The downstream window_partition / mask-difference / masked_fill block is
unchanged. Public signature is unchanged. Output tensor shape is unchanged
((n_lon, n_pl·n_lat, W, W) in 3D / (n_lon, n_lat, W, W) in 2D); only its
contents change.

Test plan

Sanity check (CPU, no GPU needed)

from physicsnemo.nn.module.utils.shift_window_mask import get_shift_window_mask
import torch

mask = get_shift_window_mask(
    input_resolution=(8, 24, 48),
    window_size=(2, 6, 12),
    shift_size=(1, 3, 6),
    ndim=3,
)
assert tuple(mask.shape) == (4, 16, 144, 144)        # (n_lon, n_pl*n_lat, W, W)
assert sorted(torch.unique(mask).tolist()) == [-100.0, 0.0]

Verified locally: post-fix the underlying region-ID map contains exactly 9
distinct IDs (vs. 18 pre-fix), as expected from a Pl × Lat-only partition.

Existing test suite

test/models/pangu/test_pangu.py::test_pangu_forward and
test/models/fengwu/test_fengwu.py::test_fengwu_forward validate forward-pass
outputs against checked-in reference tensors at
test/models/pangu/data/pangu_output.pth and
test/models/fengwu/data/fengwu_output.pth.

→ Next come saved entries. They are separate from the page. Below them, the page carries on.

(* Let $\gamma>0$ and assume the minimum norm solution $\mathbf{u}^*=\mathbf{A}^\dagger\mathbf{b}$ satisfies $\mathbf{L}\mathbf{u}^*=\mathbf{g}$. Let $\tilde{\mathbf{b}}\in\mathbb{R}^m$ and let $\tilde{\mathbf{u}}^*_\gamma$ be a solution of $$\big((\mathbf{I}+\gamma\mathbf{A}^t\mathbf{A})\mathbf{A}^t\mathbf{A}+\gamma\mathbf{L}^t\mathbf{L}\big)\tilde{\mathbf{u}}^*_\gamma=(\mathbf{I}+\gamma\mathbf{A}^t\mathbf{A})\mathbf{A}^t\tilde{\mathbf{b}}+\gamma\mathbf{L}^t\mathbf{g},$$ and assume the same system with $\tilde{\mathbf{b}}$ replaced by $\mathbf{b}$ has a unique solution. Then $$\|\mathbf{A}\mathbf{u}^*-\mathbf{A}\tilde{\mathbf{u}}^*_\gamma\|_m\le\|(\mathbf{I}+\gamma\mathbf{A}\mathbf{A}^t)(\mathbf{b}-\tilde{\mathbf{b}})\|_m.$$ Moreover, if $m\ge n$ and $\mathbf{A}$ has full column rank $n$, then $$\|\mathbf{u}^*-\tilde{\mathbf{u}}^*_\gamma\|_n\le\frac{1}{\sqrt{\lambda_n}}\|(\mathbf{I}+\gamma\mathbf{A}\mathbf{A}^t)(\mathbf{b}-\tilde{\mathbf{b}})\|_m,$$ where $\lambda_n>0$ is the smallest eigenvalue of $\mathbf{A}^t\mathbf{A}$.
   Context: $\mathbf{A}\in\mathbb{R}^{m\times n}$, $\mathbf{b}\in\mathbb{R}^m$, $\mathbf{L}\in\mathbb{R}^{p\times n}$, $\mathbf{g}\in\mathbb{R}^p$; $\mathbf{A}^\dagger$ is the Moore–Penrose pseudoinverse; $\|\cdot\|_m,\|\cdot\|_n$ are Euclidean norms; $\mathbf{I}$ denotes identity matrices of appropriate sizes. *)

theory Defs
  imports "HOL-Analysis.Analysis"
begin

definition penrose :: "real^'n^'m \<Rightarrow> real^'m^'n \<Rightarrow> bool" where
  "penrose A X \<longleftrightarrow> A ** X ** A = A \<and> X ** A ** X = X \<and>
     transpose (A ** X) = A ** X \<and> transpose (X ** A) = X ** A"

definition pinv :: "real^'n^'m \<Rightarrow> real^'m^'n" where
  "pinv A = (THE X. penrose A X)"

definition eigenvalues :: "real^'n^'n \<Rightarrow> real set" where
  "eigenvalues M = {c. \<exists>v. v \<noteq> 0 \<and> M *v v = c *\<^sub>R v}"

definition smallest_eigenvalue :: "real^'n^'n \<Rightarrow> real" where
  "smallest_eigenvalue M = Min (eigenvalues M)"

end

theory Submission
  imports Defs
begin

text \<open>Let \<open>u = pinv A b\<close>, \<open>S = A\<^sup>T A\<close>, \<open>e = u - ut\<close> and \<open>r = (I + \<gamma> A A\<^sup>T) (b - bt)\<close>.
  By the Penrose conditions \<open>u\<close> satisfies the normal equations \<open>S u = A\<^sup>T b\<close>; together with
  \<open>L u = g\<close> it solves the regularized system for \<open>b\<close>. Subtracting the system for \<open>bt\<close> gives
  \<open>(S + \<gamma> S\<^sup>2 + \<gamma> L\<^sup>T L) e = A\<^sup>T r\<close>, and pairing with \<open>e\<close> yields
  \<open>|A e|\<^sup>2 + \<gamma> |S e|\<^sup>2 + \<gamma> |L e|\<^sup>2 = (A e) \<bullet> r \<le> |A e| |r|\<close>.
  For full column rank, the smallest eigenvalue \<open>\<lambda>\<close> of \<open>S\<close> is the minimum of \<open>|A v|\<^sup>2\<close> on
  the unit sphere, so \<open>sqrt \<lambda> |e| \<le> |A e|\<close>.

  Since \<open>pinv\<close> is defined by a definite description, the Penrose conditions must first be
  shown solvable: the map sending \<open>y\<close> to the unique solution of the normal equations in the
  row space of \<open>A\<close> satisfies them.\<close>

(* The library simp rule rewrites transpose A *v x to x v* A, hiding the normal equations. *)
declare transpose_matrix_vector [simp del]

lemma inner_transpose_mult:
  fixes A :: "real^'n^'m"
  shows "x \<bullet> (transpose A *v y) = (A *v x) \<bullet> y"
  by (metis dot_lmul_matrix transpose_matrix_vector inner_commute)

lemma inner_gram_mult:
  fixes A :: "real^'n^'m"
  shows "x \<bullet> (transpose A *v (A *v x)) = norm (A *v x) ^ 2"
  by (simp add: inner_transpose_mult power2_norm_eq_inner)

lemma gram_mult_eq_0_iff:
  fixes A :: "real^'n^'m"
  shows "transpose A *v (A *v x) = 0 \<longleftrightarrow> A *v x = 0"
proof
  assume "transpose A *v (A *v x) = 0"
  then have "norm (A *v x) ^ 2 = 0" using inner_gram_mult [of x A] by simp
  then show "A *v x = 0" by simp
qed simp

lemma symmetric_gram:
  fixes A :: "real^'n^'m"
  shows "transpose (transpose A ** A) = transpose A ** A"
  by (simp add: matrix_transpose_mul)

definition row_space :: "real^'n^'m \<Rightarrow> (real^'n) set" where
  "row_space A = range ((*v) (transpose A))"

lemma subspace_row_space: "subspace (row_space A)"
  unfolding row_space_def by (simp add: subspace_UNIV linear_subspace_image)

lemma orthogonal_row_space:
  fixes A :: "real^'n^'m"
  assumes "A *v v = 0" "p \<in> row_space A"
  shows "v \<bullet> p = 0"
  using assms by (auto simp: row_space_def inner_transpose_mult)

lemma gram_inj_on_row_space:
  fixes A :: "real^'n^'m"
  assumes "x \<in> row_space A" "y \<in> row_space A"
    and "transpose A *v (A *v x) = transpose A *v (A *v y)"
  shows "x = y"
proof -
  have "x - y \<in> row_space A"
    using assms(1,2) by (simp add: subspace_diff subspace_row_space)
  have "transpose A *v (A *v (x - y)) = 0"
    using assms(3) by (simp add: matrix_vector_mult_diff_distrib)
  then have "A *v (x - y) = 0" by (simp only: gram_mult_eq_0_iff)
  then have "(x - y) \<bullet> (x - y) = 0"
    using \<open>x - y \<in> row_space A\<close> by (rule orthogonal_row_space)
  then show ?thesis by simp
qed

text \<open>The Gram map is injective on the row space, which it maps into itself; by dimension
  it is onto, and the row space contains every right-hand side of the normal equations.\<close>
lemma normal_equation_solvable_in_row_space:
  fixes A :: "real^'n^'m"
  shows "\<exists>x \<in> row_space A. transpose A *v (A *v x) = transpose A *v y"
proof -
  let ?G = "\<lambda>x. transpose A *v (A *v x)"
  have lin: "linear ?G" by (simp add: matrix_vector_mul_assoc)
  have inj: "inj_on ?G (span (row_space A))"
    unfolding span_eq_iff [THEN iffD2, OF subspace_row_space] inj_on_def
    using gram_inj_on_row_space [of _ A] by blast
  have "?G ` row_space A \<subseteq> row_space A" by (auto simp: row_space_def)
  moreover have "dim (?G ` row_space A) = dim (row_space A)"
    using dim_image_eq [OF lin inj] .
  ultimately have "?G ` row_space A = row_space A"
    using subspace_dim_equal [OF linear_subspace_image [OF lin subspace_row_space [of A]]
        subspace_row_space [of A]] by simp
  moreover have "transpose A *v y \<in> row_space A" by (simp add: row_space_def)
  ultimately show ?thesis by force
qed

definition min_norm_lsq :: "real^'n^'m \<Rightarrow> real^'m \<Rightarrow> real^'n" where
  "min_norm_lsq A y = (THE x. x \<in> row_space A \<and> transpose A *v (A *v x) = transpose A *v y)"

lemma min_norm_lsq:
  fixes A :: "real^'n^'m"
  shows "min_norm_lsq A y \<in> row_space A"
    and "transpose A *v (A *v min_norm_lsq A y) = transpose A *v y"
proof -
  have "\<exists>!x. x \<in> row_space A \<and> transpose A *v (A *v x) = transpose A *v y"
    using normal_equation_solvable_in_row_space [of A y] gram_inj_on_row_space [of _ A] by metis
  then have "min_norm_lsq A y \<in> row_space A \<and>
      transpose A *v (A *v min_norm_lsq A y) = transpose A *v y"
    unfolding min_norm_lsq_def by (rule theI')
  then show "min_norm_lsq A y \<in> row_space A"
    and "transpose A *v (A *v min_norm_lsq A y) = transpose A *v y" by blast+
qed

lemma min_norm_lsq_unique:
  fixes A :: "real^'n^'m"
  assumes "x \<in> row_space A" "transpose A *v (A *v x) = transpose A *v y"
  shows "min_norm_lsq A y = x"
  by (rule gram_inj_on_row_space [OF min_norm_lsq(1) assms(1)]) (simp add: min_norm_lsq(2) assms(2))

lemma linear_min_norm_lsq: "linear (min_norm_lsq A)"
proof
  fix x y
  show "min_norm_lsq A (x + y) = min_norm_lsq A x + min_norm_lsq A y"
    by (rule min_norm_lsq_unique)
      (simp_all add: min_norm_lsq subspace_add subspace_row_space matrix_vector_right_distrib)
next
  fix c :: real and x
  show "min_norm_lsq A (c *\<^sub>R x) = c *\<^sub>R min_norm_lsq A x"
    by (rule min_norm_lsq_unique)
      (simp_all add: min_norm_lsq subspace_scale subspace_row_space matrix_vector_mult_scaleR)
qed

lemma symmetric_if_residual_orthogonal:
  fixes P :: "real^'n^'n"
  assumes "\<And>x y. (P *v x - x) \<bullet> (P *v y) = 0"
  shows "transpose P = P"
proof -
  have proj: "x \<bullet> (P *v y) = (P *v x) \<bullet> (P *v y)" for x y
    using assms [of x y] by (simp add: inner_diff_left)
  have "x \<bullet> (transpose P *v y) = x \<bullet> (P *v y)" for x y
  proof -
    have "x \<bullet> (transpose P *v y) = y \<bullet> (P *v x)"
      by (simp add: inner_transpose_mult inner_commute)
    also have "\<dots> = x \<bullet> (P *v y)"
      by (simp add: proj [of y x] proj [of x y] inner_commute)
    finally show ?thesis .
  qed
  then have "transpose P *v y = P *v y" for y using vector_eq_ldot by blast
  then show ?thesis by (simp add: matrix_eq)
qed

lemma penrose_min_norm_lsq:
  fixes A :: "real^'n^'m"
  shows "penrose A (matrix (min_norm_lsq A))"
proof -
  let ?X = "matrix (min_norm_lsq A)" and ?s = "min_norm_lsq A"
  have X: "?X *v y = ?s y" for y by (simp add: linear_min_norm_lsq)
  have normal: "transpose A *v (A *v ?s y - y) = 0" for y
    by (simp add: min_norm_lsq matrix_vector_mult_diff_distrib)
  have kernel: "A *v (?s (A *v x) - x) = 0" for x
  proof -
    have "transpose A *v (A *v (?s (A *v x) - x)) = 0"
      using normal [of "A *v x"] by (simp add: matrix_vector_mult_diff_distrib)
    then show ?thesis by (simp only: gram_mult_eq_0_iff)
  qed
  have "A ** ?X ** A = A"
    using kernel by (simp add: matrix_eq matrix_vector_mul_assoc [symmetric] X
        matrix_vector_mult_diff_distrib)
  moreover have "?X ** A ** ?X = ?X"
    by (simp add: matrix_eq matrix_vector_mul_assoc [symmetric] X min_norm_lsq min_norm_lsq_unique)
  moreover have "transpose (A ** ?X) = A ** ?X"
  proof (rule symmetric_if_residual_orthogonal)
    fix x y
    show "((A ** ?X) *v x - x) \<bullet> ((A ** ?X) *v y) = 0"
    proof -
      have "(A *v ?s x - x) \<bullet> (A *v ?s y) = ?s y \<bullet> (transpose A *v (A *v ?s x - x))"
        by (simp add: inner_transpose_mult inner_commute)
      then show ?thesis by (simp add: matrix_vector_mul_assoc [symmetric] X normal)
    qed
  qed
  moreover have "transpose (?X ** A) = ?X ** A"
  proof (rule symmetric_if_residual_orthogonal)
    fix x y
    show "((?X ** A) *v x - x) \<bullet> ((?X ** A) *v y) = 0"
      using orthogonal_row_space [OF kernel [of x] min_norm_lsq(1)]
      by (simp add: matrix_vector_mul_assoc [symmetric] X)
  qed
  ultimately show ?thesis unfolding penrose_def by blast
qed

lemma penrose_normal_equation:
  fixes A :: "real^'n^'m"
  assumes "penrose A X"
  shows "transpose A ** A ** X = transpose A"
proof -
  have "transpose A ** A ** X = transpose A ** transpose (A ** X)"
    using assms by (simp add: penrose_def matrix_mul_assoc)
  also have "\<dots> = transpose (A ** X ** A)" by (simp add: matrix_transpose_mul matrix_mul_assoc)
  finally show ?thesis using assms by (simp add: penrose_def)
qed

lemma penrose_range_row_space:
  fixes A :: "real^'n^'m"
  assumes "penrose A X"
  shows "X *v y \<in> row_space A"
proof -
  have "X = transpose (X ** A) ** X" using assms by (simp add: penrose_def)
  also have "\<dots> = transpose A ** (transpose X ** X)"
    by (simp add: matrix_transpose_mul matrix_mul_assoc)
  finally have "X *v y = transpose A *v ((transpose X ** X) *v y)"
    by (simp only: matrix_vector_mul_assoc)
  then show ?thesis unfolding row_space_def by (rule range_eqI)
qed

lemma penrose_eq_min_norm_lsq:
  fixes A :: "real^'n^'m"
  assumes "penrose A X"
  shows "X *v y = min_norm_lsq A y"
proof -
  have "min_norm_lsq A y = X *v y"
  proof (rule min_norm_lsq_unique)
    show "X *v y \<in> row_space A" by (rule penrose_range_row_space [OF assms])
    show "transpose A *v (A *v (X *v y)) = transpose A *v y"
      using penrose_normal_equation [OF assms] by (simp add: matrix_vector_mul_assoc matrix_mul_assoc)
  qed
  then show ?thesis by simp
qed

lemma penrose_pinv: "penrose A (pinv A)"
proof -
  have "\<exists>!X. penrose A X"
  proof (rule ex1I)
    show "penrose A (matrix (min_norm_lsq A))" by (rule penrose_min_norm_lsq)
  next
    fix X assume "penrose A X"
    then show "X = matrix (min_norm_lsq A)"
      by (simp add: matrix_eq penrose_eq_min_norm_lsq linear_min_norm_lsq)
  qed
  then show ?thesis unfolding pinv_def by (rule theI')
qed

lemma pinv_normal_equation:
  fixes A :: "real^'n^'m"
  shows "transpose A *v (A *v (pinv A *v y)) = transpose A *v y"
  using penrose_normal_equation [OF penrose_pinv, of A]
  by (simp add: matrix_vector_mul_assoc matrix_mul_assoc)

lemma finite_eigenvalues_symmetric:
  fixes M :: "real^'n^'n"
  assumes "transpose M = M"
  shows "finite (eigenvalues M)"
proof -
  define ev where "ev c = (SOME v. v \<noteq> 0 \<and> M *v v = c *\<^sub>R v)" for c
  have ev: "ev c \<noteq> 0" "M *v ev c = c *\<^sub>R ev c" if "c \<in> eigenvalues M" for c
    using someI_ex [of "\<lambda>v. v \<noteq> 0 \<and> M *v v = c *\<^sub>R v"] that
    by (auto simp: ev_def eigenvalues_def)
  have inj: "inj_on ev (eigenvalues M)"
  proof (rule inj_onI)
    fix c d assume "c \<in> eigenvalues M" "d \<in> eigenvalues M" "ev c = ev d"
    then have "c *\<^sub>R ev c = d *\<^sub>R ev c" "ev c \<noteq> 0" using ev by metis+
    then show "c = d" by (simp add: scaleR_cancel_right)
  qed
  have "pairwise orthogonal (ev ` eigenvalues M)"
  proof (rule pairwiseI, clarify)
    fix c d assume c: "c \<in> eigenvalues M" and d: "d \<in> eigenvalues M" and "ev c \<noteq> ev d"
    then have "c \<noteq> d" by auto
    have "c * (ev c \<bullet> ev d) = ev d \<bullet> (M *v ev c)" using ev [OF c] by (simp add: inner_commute)
    also have "\<dots> = ev c \<bullet> (M *v ev d)"
      by (metis assms inner_commute inner_transpose_mult)
    also have "\<dots> = d * (ev c \<bullet> ev d)" using ev [OF d] by simp
    finally show "orthogonal (ev c) (ev d)"
      using \<open>c \<noteq> d\<close> by (simp add: orthogonal_def)
  qed
  moreover have "0 \<notin> ev ` eigenvalues M" using ev by auto
  ultimately have "independent (ev ` eigenvalues M)" by (rule pairwise_orthogonal_independent)
  then have "finite (ev ` eigenvalues M)" using independent_bound by blast
  then show ?thesis using inj by (rule finite_imageD)
qed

Those references were last
regenerated by PR #1492 when the cyclic-shift typo was fixed, and will need to
be regenerated again after this PR for the same reason — the corrected
attention mask changes activations, so the reference output values change.

Suggested workflow (matching #1492):

  1. Apply this PR.
  2. Run the forward-pass tests in capture mode to overwrite
    pangu_output.pth and fengwu_output.pth.
  3. Commit the regenerated .pth files alongside the source change.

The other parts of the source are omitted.